-------- Dataset entries --------

lemma Idl_image_Idl:
  assumes X: "X \<subseteq> carrier R"
  shows "Idl\<^bsub>S\<^esub> (h ` (Idl\<^bsub>R\<^esub> X)) = Idl\<^bsub>S\<^esub> (h ` X)"
proof
  have hX: "h ` X \<subseteq> carrier S" using X by auto
  have IdlX: "Idl\<^bsub>R\<^esub> X \<subseteq> carrier R" using ideal.Icarr[OF R.genideal_ideal[OF X]] by auto
  have "Idl\<^bsub>R\<^esub> X \<subseteq> {r \<in> carrier R. h r \<in> Idl\<^bsub>S\<^esub> (h ` X)}"
    using X S.genideal_self[OF hX]
    by (intro R.genideal_minimal ring.ideal_vimage S.genideal_ideal hX) auto
  then show "Idl\<^bsub>S\<^esub> (h ` (Idl\<^bsub>R\<^esub> X)) \<subseteq> Idl\<^bsub>S\<^esub> (h ` X)"
    by (intro S.genideal_minimal S.genideal_ideal hX) auto
  have "h ` X \<subseteq> Idl\<^bsub>S\<^esub> (h ` (Idl\<^bsub>R\<^esub> X))"
    using R.genideal_self[OF X] S.genideal_self[of "h ` (Idl\<^bsub>R\<^esub> X)"] IdlX by auto
  then show "Idl\<^bsub>S\<^esub> (h ` X) \<subseteq> Idl\<^bsub>S\<^esub> (h ` (Idl\<^bsub>R\<^esub> X))"
    using IdlX by (intro S.genideal_minimal S.genideal_ideal) auto
qed

lemma Idl_image_set_add_PIdl:
  assumes I: "ideal I R" and x: "x \<in> carrier R"
  shows "Idl\<^bsub>S\<^esub> (h ` (I <+>\<^bsub>R\<^esub> PIdl\<^bsub>R\<^esub> x)) = Idl\<^bsub>S\<^esub> (h ` I) <+>\<^bsub>S\<^esub> PIdl\<^bsub>S\<^esub> (h x)"
proof
  have hI: "h ` I \<subseteq> carrier S" using ideal.Icarr[OF I] by auto
  have J: "ideal (Idl\<^bsub>S\<^esub> (h ` I) <+>\<^bsub>S\<^esub> PIdl\<^bsub>S\<^esub> (h x)) S"
    using S.add_ideals S.genideal_ideal[OF hI] S.cgenideal_ideal x by simp
  have "h z \<in> Idl\<^bsub>S\<^esub> (h ` I) <+>\<^bsub>S\<^esub> PIdl\<^bsub>S\<^esub> (h x)" if z: "z \<in> I <+>\<^bsub>R\<^esub> PIdl\<^bsub>R\<^esub> x" for z
  proof -
    obtain i r where i: "i \<in> I" and r: "r \<in> carrier R" and zir: "z = i \<oplus>\<^bsub>R\<^esub> r \<otimes>\<^bsub>R\<^esub> x"
      using z unfolding R.mem_set_add_PIdl_iff by auto
    have "h z = h i \<oplus>\<^bsub>S\<^esub> h r \<otimes>\<^bsub>S\<^esub> h x" using ideal.Icarr[OF I i] r x zir by simp
    moreover have "h i \<in> Idl\<^bsub>S\<^esub> (h ` I)" using S.genideal_self[OF hI] i by auto
    ultimately show ?thesis using r unfolding S.mem_set_add_PIdl_iff by auto
  qed
  then show "Idl\<^bsub>S\<^esub> (h ` (I <+>\<^bsub>R\<^esub> PIdl\<^bsub>R\<^esub> x)) \<subseteq> Idl\<^bsub>S\<^esub> (h ` I) <+>\<^bsub>S\<^esub> PIdl\<^bsub>S\<^esub> (h x)"
    by (intro S.genideal_minimal[OF J]) auto
  have Ix: "I \<subseteq> I <+>\<^bsub>R\<^esub> PIdl\<^bsub>R\<^esub> x" "x \<in> I <+>\<^bsub>R\<^esub> PIdl\<^bsub>R\<^esub> x" using R.set_add_PIdl_upper[OF I x] by auto
  have Ixc: "h ` (I <+>\<^bsub>R\<^esub> PIdl\<^bsub>R\<^esub> x) \<subseteq> carrier S"
    using ideal.Icarr[OF R.add_ideals[OF I R.cgenideal_ideal[OF x]]] by auto
  have "Idl\<^bsub>S\<^esub> (h ` I) \<subseteq> Idl\<^bsub>S\<^esub> (h ` (I <+>\<^bsub>R\<^esub> PIdl\<^bsub>R\<^esub> x))"
    using Ix(1) Ixc by (intro S.subset_Idl_subset) auto
  moreover have "h x \<in> Idl\<^bsub>S\<^esub> (h ` (I <+>\<^bsub>R\<^esub> PIdl\<^bsub>R\<^esub> x))" using Ix(2) S.genideal_self[OF Ixc] by auto
  ultimately show "Idl\<^bsub>S\<^esub> (h ` I) <+>\<^bsub>S\<^esub> PIdl\<^bsub>S\<^esub> (h x) \<subseteq> Idl\<^bsub>S\<^esub> (h ` (I <+>\<^bsub>R\<^esub> PIdl\<^bsub>R\<^esub> x))"
    by (intro S.set_add_PIdl_minimal S.genideal_ideal Ixc)
qed

end

section \<open>Noetherian local rings\<close>

locale noeth_local = cring R + noetherian_ring R for R (structure) +
  fixes m
  assumes maximalideal_m: "maximalideal m R"
    and maximalideal_unique: "maximalideal M R \<Longrightarrow> M = m"

lemma noeth_local_max_ideal:
  assumes "noeth_local_ring R"
  shows "noeth_local R (max_ideal R)"
proof -
  have R: "cring R" "noetherian_ring R" and ex1: "\<exists>!m. maximalideal m R"
    using assms unfolding noeth_local_ring_def local_ring_def by auto
  have "maximalideal (max_ideal R) R" unfolding max_ideal_def using theI'[OF ex1] .
  with ex1 show ?thesis by (intro noeth_local.intro noeth_local_axioms.intro R) auto
qed

context noeth_local
begin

--------

## Exercise instructions
Exactly as written above, copy every line.

## Result of this exercise
lemma Idl_image_Idl:
  assumes X: "X \<subseteq> carrier R"
  shows "Idl\<^bsub>S\<^esub> (h ` (Idl\<^bsub>R\<^esub> X)) = Idl\<^bsub>S\<^esub> (h ` X)"
proof
  have hX: "h ` X \<subseteq> carrier S" using X by auto
  have IdlX: "Idl\<^bsub>R\<^esub> X \<subseteq> carrier R" using ideal.Icarr[OF R.genideal_ideal[OF X]] by auto
  have "Idl\<^bsub>R\<^esub> X \<subseteq> {r \<in> carrier R. h r \<in> Idl\<^bsub>S\<^esub> (h ` X)}"
    using X S.genideal_self[OF hX]
    by (intro R.genideal_minimal ring.ideal_vimage S.genideal_ideal hX) auto
  then show "Idl\<^bsub>S\<^esub> (h ` (Idl\<^bsub>R\<^esub> X)) \<subseteq> Idl\<^bsub>S\<^esub> (h ` X)"
    by (intro S.genideal_minimal S.genideal_ideal hX) auto
  have "h ` X \<subseteq> Idl\<^bsub>S\<^esub> (h ` (Idl\<^bsub>R\<^esub> X))"
    using R.genideal_self[OF X] S.genideal_self[of "h ` (Idl\<^bsub>R\<^esub> X)"] IdlX by auto
  then show "Idl\<^bsub>S\<^esub> (h ` X) \<subseteq> Idl\<^bsub>S\<^esub> (h ` (Idl\<^bsub>R\<^esub> X))"
    using IdlX by (intro S.genideal_minimal S.genideal_ideal) auto
qed

lemma Idl_image_set_add_PIdl:
  assumes I: "ideal I R" and x: "x \<in> carrier R"
  shows "Idl\<^bsub>S\<^esub> (h ` (I <+>\<^bsub>R\<^esub> PIdl\<^bsub>R\<^esub> x)) = Idl\<^bsub>S\<^esub> (h ` I) <+>\<^bsub>S\<^esub> PIdl\<^bsub>S\<^esub> (h x)"
proof
  have hI: "h ` I \<subseteq> carrier S" using ideal.Icarr[OF I] by auto
  have J: "ideal (Idl\<^bsub>S\<^esub> (h ` I) <+>\<^bsub>S\<^esub> PIdl\<^bsub>S\<^esub> (h x)) S"
    using S.add_ideals S.genideal_ideal[OF hI] S.cgenideal_ideal x by simp
  have "h z \<in> Idl\<^bsub>S\<^esub> (h ` I) <+>\<^bsub>S\<^esub> PIdl\<^bsub>S\<^esub> (h x)" if z: "z \<in> I <+>\<^bsub>R\<^esub> PIdl\<^bsub>R\<^esub> x" for z
  proof -
    obtain i r where i: "i \<in> I" and r: "r \<in> carrier R" and zir: "z = i \<oplus>\<^bsub>R\<^esub> r \<otimes>\<^bsub>R\<^esub> x"
      using z unfolding R.mem_set_add_PIdl_iff by auto
    have "h z = h i \<oplus>\<^bsub>S\<^esub> h r \<otimes>\<^bsub>S\<^esub> h x" using ideal.Icarr[OF I i] r x zir by simp
    moreover have "h i \<in> Idl\<^bsub>S\<^esub> (h ` I)" using S.genideal_self[OF hI] i by auto
    ultimately show ?thesis using r unfolding S.mem_set_add_PIdl_iff by auto
  qed
  then show "Idl\<^bsub>S\<^esub> (h ` (I <+>\<^bsub>R\<^esub> PIdl\<^bsub>R\<^esub> x)) \<subseteq> Idl\<^bsub>S\<^esub> (h ` I) <+>\<^bsub>S\<^esub> PIdl\<^bsub>S\<^esub> (h x)"
    by (intro S.genideal_minimal[OF J]) auto
  have Ix: "I \<subseteq> I <+>\<^bsub>R\<^esub> PIdl\<^bsub>R\<^esub> x" "x \<in> I <+>\<^bsub>R\<^esub> PIdl\<^bsub>R\<^esub> x" using R.set_add_PIdl_upper[OF I x] by auto
  have Ixc: "h ` (I <+>\<^bsub>R\<^esub> PIdl\<^bsub>R\<^esub> x) \<subseteq> carrier S"
    using ideal.Icarr[OF R.add_ideals[OF I R.cgenideal_ideal[OF x]]] by auto
  have "Idl\<^bsub>S\<^esub> (h ` I) \<subseteq> Idl\<^bsub>S\<^esub> (h ` (I <+>\<^bsub>R\<^esub> PIdl\<^bsub>R\<^esub> x))"
    using Ix(1) Ixc by (intro S.subset_Idl_subset) auto
  moreover have "h x \<in> Idl\<^bsub>S\<^esub> (h ` (I <+>\<^bsub>R\<^esub> PIdl\<^bsub>R\<^esub> x))" using Ix(2) S.genideal_self[OF Ixc] by auto
  ultimately show "Idl\<^bsub>S\<^esub> (h ` I) <+>\<^bsub>S\<^esub> PIdl\<^bsub>S\<^esub> (h x) \<subseteq> Idl\<^bsub>S\<^esub> (h ` (I <+>\<^bsub>R\<^esub> PIdl\<^bsub>R\<^esub> x))"
    by (intro S.set_add_PIdl_minimal S.genideal_ideal Ixc)
qed

end

section \<open>Noetherian local rings\<close>

locale noeth_local = cring R + noetherian_ring R for R (structure) +
  fixes m
  assumes maximalideal_m: "maximalideal m R"
    and maximalideal_unique: "maximalideal M R \<Longrightarrow> M = m"

lemma noeth_local_max_ideal:
  assumes "noeth_local_ring R"
  shows "noeth_local R (max_ideal R)"
proof -
  have R: "cring R" "noetherian_ring R" and ex1: "\<exists>!m. maximalideal m R"
    using assms unfolding noeth_local_ring_def local_ring_def by auto
  have "maximalideal (max_ideal R) R" unfolding max_ideal_def using theI'[OF ex1] .
  with ex1 show ?thesis by (intro noeth_local.intro noeth_local_axioms.intro R) auto
qed

context noeth_local
begin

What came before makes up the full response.